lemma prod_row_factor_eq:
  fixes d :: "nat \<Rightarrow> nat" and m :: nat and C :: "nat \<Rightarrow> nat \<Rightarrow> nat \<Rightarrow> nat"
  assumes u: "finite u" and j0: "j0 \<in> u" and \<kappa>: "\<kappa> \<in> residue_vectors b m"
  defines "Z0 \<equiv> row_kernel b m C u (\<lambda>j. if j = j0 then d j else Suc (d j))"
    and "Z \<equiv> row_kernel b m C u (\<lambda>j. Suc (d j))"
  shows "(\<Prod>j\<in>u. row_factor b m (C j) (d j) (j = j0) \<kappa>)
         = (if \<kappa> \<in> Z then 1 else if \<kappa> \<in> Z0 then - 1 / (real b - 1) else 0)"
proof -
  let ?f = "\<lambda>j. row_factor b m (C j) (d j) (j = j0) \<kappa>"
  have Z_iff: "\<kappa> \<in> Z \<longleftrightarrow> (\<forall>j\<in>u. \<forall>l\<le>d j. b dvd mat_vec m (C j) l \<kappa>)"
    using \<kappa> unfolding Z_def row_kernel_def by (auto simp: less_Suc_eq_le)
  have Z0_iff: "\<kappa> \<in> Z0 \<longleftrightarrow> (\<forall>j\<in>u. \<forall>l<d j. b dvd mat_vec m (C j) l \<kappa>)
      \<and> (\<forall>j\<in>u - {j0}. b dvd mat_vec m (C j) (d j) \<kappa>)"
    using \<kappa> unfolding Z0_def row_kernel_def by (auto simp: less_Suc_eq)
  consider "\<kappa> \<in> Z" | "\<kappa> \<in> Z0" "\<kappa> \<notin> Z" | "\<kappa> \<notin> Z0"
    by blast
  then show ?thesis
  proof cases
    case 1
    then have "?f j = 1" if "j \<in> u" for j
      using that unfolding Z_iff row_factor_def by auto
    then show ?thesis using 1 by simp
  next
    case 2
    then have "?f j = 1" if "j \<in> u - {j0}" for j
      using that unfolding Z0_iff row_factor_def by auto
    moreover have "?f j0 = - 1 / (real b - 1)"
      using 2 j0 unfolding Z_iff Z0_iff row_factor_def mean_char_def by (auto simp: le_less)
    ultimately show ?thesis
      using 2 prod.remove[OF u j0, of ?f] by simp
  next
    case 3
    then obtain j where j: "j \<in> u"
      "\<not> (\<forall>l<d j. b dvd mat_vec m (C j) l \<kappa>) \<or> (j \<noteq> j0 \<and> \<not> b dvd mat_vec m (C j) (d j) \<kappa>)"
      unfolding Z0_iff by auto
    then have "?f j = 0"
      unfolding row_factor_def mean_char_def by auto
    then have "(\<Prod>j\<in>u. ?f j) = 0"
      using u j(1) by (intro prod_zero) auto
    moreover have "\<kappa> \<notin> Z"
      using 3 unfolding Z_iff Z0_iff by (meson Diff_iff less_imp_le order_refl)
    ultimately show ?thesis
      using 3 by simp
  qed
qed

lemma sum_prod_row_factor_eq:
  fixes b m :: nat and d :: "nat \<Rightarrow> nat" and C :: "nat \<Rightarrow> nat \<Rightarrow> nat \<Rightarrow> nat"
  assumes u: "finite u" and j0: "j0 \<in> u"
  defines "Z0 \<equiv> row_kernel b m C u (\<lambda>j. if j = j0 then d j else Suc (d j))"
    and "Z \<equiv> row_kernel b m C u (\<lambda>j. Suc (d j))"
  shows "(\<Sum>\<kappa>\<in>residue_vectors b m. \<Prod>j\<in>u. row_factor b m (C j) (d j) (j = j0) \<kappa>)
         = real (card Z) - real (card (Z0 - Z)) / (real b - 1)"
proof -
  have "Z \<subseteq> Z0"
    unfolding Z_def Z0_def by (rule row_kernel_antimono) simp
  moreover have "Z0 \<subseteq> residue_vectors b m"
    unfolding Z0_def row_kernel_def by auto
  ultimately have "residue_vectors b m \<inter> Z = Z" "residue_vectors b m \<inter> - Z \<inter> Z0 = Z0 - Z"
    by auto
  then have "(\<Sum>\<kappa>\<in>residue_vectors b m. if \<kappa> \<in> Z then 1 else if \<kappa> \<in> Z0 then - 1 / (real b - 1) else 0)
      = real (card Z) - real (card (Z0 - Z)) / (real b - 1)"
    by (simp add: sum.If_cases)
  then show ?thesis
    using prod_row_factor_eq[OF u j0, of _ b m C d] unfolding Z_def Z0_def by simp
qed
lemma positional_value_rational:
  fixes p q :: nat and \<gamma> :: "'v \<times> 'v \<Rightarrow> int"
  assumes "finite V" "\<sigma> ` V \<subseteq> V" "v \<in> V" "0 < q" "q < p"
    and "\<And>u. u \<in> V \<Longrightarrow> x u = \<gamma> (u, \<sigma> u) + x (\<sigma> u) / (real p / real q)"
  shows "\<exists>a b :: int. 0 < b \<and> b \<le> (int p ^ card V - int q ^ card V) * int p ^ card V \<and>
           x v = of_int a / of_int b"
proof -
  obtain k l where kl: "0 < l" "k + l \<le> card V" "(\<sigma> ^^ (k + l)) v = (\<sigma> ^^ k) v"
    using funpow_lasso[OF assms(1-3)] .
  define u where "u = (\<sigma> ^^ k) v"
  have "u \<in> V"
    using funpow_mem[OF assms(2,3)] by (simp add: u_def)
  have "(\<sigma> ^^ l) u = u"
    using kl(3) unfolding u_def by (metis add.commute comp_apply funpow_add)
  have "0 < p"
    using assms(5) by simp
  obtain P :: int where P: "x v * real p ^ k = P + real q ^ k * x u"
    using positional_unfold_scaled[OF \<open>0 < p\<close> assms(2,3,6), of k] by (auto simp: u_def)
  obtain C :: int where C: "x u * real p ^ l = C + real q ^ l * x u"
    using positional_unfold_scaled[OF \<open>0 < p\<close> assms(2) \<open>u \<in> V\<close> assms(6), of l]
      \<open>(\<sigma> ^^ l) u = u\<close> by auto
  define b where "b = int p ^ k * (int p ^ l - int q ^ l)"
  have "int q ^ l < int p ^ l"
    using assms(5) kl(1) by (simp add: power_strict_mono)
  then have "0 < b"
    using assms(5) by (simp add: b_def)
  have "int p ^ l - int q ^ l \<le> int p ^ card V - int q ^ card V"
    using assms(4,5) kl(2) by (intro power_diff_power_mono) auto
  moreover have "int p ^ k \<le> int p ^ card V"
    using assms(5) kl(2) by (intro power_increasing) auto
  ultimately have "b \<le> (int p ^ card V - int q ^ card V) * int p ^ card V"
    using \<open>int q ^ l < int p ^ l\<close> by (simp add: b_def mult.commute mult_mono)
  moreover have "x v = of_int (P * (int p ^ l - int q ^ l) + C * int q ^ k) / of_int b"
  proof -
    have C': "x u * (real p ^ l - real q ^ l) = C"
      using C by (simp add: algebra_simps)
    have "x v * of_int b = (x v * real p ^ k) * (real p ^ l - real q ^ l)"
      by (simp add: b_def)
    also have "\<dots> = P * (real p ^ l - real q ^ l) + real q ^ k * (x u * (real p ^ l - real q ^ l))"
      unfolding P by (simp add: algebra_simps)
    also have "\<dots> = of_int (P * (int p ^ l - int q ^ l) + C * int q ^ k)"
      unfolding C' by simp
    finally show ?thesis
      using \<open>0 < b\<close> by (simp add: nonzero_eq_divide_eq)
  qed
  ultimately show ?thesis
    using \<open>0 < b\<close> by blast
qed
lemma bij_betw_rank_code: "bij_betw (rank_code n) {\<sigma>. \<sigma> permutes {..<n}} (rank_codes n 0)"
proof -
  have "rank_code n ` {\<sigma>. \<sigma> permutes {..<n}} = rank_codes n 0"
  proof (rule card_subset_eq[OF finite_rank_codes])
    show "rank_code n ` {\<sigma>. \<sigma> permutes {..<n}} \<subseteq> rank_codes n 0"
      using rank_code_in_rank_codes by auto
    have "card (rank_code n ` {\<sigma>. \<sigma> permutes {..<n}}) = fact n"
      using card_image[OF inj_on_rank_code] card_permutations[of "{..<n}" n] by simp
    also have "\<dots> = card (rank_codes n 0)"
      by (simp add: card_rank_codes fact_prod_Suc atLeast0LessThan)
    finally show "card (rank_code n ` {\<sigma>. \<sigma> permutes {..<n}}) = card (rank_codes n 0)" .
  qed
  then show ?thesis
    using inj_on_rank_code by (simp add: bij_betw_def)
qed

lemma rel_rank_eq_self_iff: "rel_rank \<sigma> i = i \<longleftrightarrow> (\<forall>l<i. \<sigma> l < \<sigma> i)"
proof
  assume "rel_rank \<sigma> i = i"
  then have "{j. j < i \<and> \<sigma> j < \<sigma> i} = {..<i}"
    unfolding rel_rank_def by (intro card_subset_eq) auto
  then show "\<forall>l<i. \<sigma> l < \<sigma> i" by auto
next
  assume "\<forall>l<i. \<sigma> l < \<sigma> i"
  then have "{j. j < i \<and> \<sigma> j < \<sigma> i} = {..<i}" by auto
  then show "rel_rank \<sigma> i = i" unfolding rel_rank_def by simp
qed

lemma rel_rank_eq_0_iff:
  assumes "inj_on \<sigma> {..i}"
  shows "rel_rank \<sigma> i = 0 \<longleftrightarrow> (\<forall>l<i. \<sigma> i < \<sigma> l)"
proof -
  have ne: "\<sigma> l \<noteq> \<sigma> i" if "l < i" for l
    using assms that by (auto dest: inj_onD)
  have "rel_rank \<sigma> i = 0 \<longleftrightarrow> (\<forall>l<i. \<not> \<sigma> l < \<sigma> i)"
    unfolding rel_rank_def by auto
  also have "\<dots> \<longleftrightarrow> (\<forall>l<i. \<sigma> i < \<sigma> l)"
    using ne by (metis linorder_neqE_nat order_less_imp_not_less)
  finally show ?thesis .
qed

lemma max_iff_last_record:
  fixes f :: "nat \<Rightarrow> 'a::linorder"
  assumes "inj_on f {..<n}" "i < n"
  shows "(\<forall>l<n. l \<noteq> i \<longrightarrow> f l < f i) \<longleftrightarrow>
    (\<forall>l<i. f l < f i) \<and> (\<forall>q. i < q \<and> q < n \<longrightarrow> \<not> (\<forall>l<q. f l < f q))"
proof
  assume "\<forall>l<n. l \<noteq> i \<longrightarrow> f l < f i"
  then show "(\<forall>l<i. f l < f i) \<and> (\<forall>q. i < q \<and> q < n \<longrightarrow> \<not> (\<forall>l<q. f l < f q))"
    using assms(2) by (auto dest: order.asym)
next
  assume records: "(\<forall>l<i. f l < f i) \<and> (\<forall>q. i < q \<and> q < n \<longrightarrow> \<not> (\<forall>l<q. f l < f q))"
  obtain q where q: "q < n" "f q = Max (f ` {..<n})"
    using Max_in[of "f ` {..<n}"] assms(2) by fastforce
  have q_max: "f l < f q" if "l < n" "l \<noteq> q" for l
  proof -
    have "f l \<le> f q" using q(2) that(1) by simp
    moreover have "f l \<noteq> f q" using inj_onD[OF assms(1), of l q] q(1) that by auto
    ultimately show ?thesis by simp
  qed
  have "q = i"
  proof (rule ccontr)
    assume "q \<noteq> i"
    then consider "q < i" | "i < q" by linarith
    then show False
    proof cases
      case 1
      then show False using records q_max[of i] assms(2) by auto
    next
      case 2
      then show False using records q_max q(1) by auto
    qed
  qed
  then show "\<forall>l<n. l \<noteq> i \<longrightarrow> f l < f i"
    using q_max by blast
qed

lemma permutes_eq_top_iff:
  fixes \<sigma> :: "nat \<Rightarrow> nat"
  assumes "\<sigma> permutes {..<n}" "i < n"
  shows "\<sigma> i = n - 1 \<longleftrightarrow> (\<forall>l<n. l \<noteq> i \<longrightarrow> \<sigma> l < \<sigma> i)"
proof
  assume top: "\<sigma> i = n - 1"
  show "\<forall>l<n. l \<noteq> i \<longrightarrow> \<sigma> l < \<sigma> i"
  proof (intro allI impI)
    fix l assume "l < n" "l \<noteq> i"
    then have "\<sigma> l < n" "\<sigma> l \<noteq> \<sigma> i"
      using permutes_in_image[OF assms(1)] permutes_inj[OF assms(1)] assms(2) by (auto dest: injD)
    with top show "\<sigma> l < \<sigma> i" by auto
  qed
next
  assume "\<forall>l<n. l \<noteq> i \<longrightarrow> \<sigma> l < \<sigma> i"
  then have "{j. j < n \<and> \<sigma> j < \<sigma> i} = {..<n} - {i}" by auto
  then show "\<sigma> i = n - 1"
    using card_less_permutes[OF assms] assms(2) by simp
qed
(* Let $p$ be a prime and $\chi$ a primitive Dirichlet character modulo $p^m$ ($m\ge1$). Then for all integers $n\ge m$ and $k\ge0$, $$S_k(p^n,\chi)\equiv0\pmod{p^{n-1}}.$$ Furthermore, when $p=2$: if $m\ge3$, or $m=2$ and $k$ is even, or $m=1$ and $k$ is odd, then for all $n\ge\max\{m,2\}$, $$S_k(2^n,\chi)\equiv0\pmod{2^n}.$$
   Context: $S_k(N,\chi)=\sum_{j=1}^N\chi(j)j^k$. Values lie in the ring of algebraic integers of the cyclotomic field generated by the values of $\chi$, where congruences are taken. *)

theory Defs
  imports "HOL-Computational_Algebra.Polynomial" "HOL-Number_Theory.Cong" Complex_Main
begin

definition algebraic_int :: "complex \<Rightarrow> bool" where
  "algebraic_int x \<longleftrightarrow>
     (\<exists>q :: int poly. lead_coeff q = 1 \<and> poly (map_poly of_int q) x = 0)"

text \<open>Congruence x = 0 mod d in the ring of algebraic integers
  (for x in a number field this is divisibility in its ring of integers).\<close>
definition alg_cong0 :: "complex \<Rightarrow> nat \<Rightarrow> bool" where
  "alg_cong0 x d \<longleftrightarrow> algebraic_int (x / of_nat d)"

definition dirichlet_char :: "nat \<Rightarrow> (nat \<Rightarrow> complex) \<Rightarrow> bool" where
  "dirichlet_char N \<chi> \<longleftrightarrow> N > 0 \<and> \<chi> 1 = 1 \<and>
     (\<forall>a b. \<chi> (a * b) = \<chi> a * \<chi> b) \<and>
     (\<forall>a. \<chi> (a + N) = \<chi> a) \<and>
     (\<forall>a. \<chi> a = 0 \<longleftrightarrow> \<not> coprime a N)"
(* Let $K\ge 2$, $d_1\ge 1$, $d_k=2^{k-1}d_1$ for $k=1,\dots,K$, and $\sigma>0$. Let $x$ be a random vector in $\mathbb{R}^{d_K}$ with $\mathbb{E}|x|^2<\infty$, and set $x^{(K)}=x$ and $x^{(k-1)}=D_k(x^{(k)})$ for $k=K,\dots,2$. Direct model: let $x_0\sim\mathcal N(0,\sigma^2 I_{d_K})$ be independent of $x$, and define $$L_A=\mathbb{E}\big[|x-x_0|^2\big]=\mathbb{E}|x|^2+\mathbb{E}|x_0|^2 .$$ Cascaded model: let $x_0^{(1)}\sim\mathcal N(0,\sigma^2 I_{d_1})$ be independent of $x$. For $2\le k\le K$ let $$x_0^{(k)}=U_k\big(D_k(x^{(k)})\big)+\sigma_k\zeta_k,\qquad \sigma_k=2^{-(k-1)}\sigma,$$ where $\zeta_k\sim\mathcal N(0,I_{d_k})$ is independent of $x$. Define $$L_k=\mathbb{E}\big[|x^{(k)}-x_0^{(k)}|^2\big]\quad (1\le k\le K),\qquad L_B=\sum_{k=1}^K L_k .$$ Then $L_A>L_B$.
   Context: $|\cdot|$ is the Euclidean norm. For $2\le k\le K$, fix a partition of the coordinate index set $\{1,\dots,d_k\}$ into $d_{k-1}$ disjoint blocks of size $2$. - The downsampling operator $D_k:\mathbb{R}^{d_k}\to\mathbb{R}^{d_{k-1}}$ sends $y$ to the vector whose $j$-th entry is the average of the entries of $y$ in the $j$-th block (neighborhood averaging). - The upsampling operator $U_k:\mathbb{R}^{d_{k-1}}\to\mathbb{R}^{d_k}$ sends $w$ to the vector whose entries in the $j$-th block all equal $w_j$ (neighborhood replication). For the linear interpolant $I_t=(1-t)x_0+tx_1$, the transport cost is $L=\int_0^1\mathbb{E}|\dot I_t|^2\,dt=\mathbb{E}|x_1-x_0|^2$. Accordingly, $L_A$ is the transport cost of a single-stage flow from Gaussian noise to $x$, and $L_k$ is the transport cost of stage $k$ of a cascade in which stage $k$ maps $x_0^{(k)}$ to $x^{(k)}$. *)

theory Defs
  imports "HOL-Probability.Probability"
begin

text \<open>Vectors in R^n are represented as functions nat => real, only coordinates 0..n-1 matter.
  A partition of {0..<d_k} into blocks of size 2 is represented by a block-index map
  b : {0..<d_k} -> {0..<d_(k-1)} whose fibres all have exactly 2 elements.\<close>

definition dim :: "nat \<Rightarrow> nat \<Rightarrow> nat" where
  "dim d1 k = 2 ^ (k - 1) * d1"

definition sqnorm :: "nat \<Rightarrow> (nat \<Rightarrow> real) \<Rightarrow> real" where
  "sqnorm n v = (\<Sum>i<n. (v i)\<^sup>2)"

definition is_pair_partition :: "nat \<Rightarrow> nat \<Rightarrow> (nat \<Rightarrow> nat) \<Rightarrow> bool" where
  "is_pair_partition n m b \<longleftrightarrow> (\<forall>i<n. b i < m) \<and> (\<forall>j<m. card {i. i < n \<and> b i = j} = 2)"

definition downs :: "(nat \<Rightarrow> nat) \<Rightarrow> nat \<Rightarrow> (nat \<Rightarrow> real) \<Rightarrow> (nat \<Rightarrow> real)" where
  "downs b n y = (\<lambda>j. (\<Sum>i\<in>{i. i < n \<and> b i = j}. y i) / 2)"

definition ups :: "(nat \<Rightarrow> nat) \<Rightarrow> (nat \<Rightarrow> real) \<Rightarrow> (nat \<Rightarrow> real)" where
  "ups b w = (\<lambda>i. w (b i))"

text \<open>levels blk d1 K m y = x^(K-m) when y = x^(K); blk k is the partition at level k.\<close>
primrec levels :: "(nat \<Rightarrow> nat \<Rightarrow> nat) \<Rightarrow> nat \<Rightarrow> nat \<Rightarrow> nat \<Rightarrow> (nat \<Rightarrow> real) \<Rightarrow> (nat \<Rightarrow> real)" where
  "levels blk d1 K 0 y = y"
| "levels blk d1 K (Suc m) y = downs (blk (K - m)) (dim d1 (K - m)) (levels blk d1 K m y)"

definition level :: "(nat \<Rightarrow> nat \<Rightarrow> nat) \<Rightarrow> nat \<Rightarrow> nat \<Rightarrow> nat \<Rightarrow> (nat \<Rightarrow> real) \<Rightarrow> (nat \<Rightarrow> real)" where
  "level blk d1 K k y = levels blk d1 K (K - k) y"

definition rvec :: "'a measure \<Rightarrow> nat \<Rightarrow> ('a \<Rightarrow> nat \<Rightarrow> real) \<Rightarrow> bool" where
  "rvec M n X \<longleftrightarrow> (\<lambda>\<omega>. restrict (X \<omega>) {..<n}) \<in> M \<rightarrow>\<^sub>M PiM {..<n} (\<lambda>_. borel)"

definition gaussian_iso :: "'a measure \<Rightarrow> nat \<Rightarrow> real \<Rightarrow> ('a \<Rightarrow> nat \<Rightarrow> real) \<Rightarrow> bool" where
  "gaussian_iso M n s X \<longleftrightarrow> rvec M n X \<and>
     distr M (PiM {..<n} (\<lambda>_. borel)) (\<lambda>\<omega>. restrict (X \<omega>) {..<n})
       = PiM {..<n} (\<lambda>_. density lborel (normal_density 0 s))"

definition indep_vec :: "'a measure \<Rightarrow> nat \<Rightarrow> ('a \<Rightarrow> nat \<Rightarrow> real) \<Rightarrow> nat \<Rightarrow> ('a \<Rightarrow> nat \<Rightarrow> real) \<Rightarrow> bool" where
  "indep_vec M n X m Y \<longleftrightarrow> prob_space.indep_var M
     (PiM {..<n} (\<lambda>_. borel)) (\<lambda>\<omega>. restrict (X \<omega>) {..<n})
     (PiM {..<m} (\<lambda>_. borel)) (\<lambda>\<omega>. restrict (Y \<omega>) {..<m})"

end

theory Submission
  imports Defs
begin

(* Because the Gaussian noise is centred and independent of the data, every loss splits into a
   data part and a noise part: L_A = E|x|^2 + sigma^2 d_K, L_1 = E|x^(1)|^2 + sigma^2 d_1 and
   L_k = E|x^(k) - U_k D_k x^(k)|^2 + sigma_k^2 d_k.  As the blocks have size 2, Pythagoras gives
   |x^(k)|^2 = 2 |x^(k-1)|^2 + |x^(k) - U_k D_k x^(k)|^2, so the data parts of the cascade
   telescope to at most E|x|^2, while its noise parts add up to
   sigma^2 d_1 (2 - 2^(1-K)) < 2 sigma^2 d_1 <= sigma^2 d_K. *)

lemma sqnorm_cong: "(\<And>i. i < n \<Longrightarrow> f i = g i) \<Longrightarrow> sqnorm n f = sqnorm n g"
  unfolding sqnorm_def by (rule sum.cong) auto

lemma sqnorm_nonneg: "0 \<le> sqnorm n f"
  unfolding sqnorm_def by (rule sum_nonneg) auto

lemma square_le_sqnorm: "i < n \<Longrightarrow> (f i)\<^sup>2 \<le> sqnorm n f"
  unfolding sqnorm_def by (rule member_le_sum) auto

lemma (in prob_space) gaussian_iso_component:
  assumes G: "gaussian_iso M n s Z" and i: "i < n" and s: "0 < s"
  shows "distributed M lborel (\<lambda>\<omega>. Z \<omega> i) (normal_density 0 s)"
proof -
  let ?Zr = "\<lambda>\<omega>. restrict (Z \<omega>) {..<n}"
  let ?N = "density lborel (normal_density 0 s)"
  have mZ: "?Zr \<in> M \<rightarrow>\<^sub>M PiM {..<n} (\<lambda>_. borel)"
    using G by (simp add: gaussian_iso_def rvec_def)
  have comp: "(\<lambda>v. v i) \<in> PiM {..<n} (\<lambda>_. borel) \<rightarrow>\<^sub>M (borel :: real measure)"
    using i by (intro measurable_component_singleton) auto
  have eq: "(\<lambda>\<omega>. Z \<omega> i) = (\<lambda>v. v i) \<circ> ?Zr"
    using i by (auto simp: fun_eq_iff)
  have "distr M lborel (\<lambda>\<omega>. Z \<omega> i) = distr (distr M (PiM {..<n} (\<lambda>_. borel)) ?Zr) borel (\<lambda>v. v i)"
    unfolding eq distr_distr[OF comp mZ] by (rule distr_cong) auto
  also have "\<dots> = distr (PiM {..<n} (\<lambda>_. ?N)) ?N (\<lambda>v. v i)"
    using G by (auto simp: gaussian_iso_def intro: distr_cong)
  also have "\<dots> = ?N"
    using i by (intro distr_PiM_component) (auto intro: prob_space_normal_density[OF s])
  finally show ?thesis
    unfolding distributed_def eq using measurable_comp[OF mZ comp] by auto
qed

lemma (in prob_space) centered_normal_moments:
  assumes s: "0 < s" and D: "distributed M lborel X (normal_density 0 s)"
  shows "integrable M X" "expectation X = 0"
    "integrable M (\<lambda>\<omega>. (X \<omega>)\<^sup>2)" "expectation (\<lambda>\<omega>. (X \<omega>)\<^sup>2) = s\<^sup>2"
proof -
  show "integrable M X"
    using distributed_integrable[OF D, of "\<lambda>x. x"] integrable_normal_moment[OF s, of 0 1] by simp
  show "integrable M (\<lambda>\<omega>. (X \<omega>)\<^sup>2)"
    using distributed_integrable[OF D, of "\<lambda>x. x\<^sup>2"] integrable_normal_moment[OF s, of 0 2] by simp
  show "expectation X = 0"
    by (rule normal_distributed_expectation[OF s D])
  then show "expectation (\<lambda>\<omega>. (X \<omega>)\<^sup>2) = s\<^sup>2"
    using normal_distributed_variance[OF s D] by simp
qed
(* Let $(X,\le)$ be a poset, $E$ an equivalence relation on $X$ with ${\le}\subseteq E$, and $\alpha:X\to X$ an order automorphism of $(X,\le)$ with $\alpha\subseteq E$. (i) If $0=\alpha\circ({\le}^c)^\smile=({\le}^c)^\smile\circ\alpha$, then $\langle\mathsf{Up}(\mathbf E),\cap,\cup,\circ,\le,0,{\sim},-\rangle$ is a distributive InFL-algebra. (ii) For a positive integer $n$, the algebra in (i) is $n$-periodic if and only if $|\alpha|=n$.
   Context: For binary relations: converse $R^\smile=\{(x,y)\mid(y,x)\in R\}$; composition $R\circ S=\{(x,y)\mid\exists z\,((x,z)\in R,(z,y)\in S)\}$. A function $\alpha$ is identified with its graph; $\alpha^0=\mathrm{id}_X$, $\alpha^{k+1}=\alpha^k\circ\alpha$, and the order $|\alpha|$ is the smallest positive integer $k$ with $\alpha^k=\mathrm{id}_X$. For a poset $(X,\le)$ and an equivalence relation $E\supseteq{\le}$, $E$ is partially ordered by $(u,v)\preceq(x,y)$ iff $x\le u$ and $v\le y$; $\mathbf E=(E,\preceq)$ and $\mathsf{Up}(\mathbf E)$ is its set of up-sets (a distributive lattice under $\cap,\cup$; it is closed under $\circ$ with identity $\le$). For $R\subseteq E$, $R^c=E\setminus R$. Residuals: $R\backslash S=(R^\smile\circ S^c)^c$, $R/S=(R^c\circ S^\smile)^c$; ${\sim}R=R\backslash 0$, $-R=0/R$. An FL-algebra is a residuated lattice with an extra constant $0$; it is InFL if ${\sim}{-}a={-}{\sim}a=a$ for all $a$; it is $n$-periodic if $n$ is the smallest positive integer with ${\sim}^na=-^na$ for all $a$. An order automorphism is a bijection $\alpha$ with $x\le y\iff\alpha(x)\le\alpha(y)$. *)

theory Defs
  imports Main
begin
○ ○ ○ ○ ○ ○ ○
→ Assigned task
Looking at the material above, work out how many lines have the word "rule" in them. Answer with that number alone.

→ Problem solution
8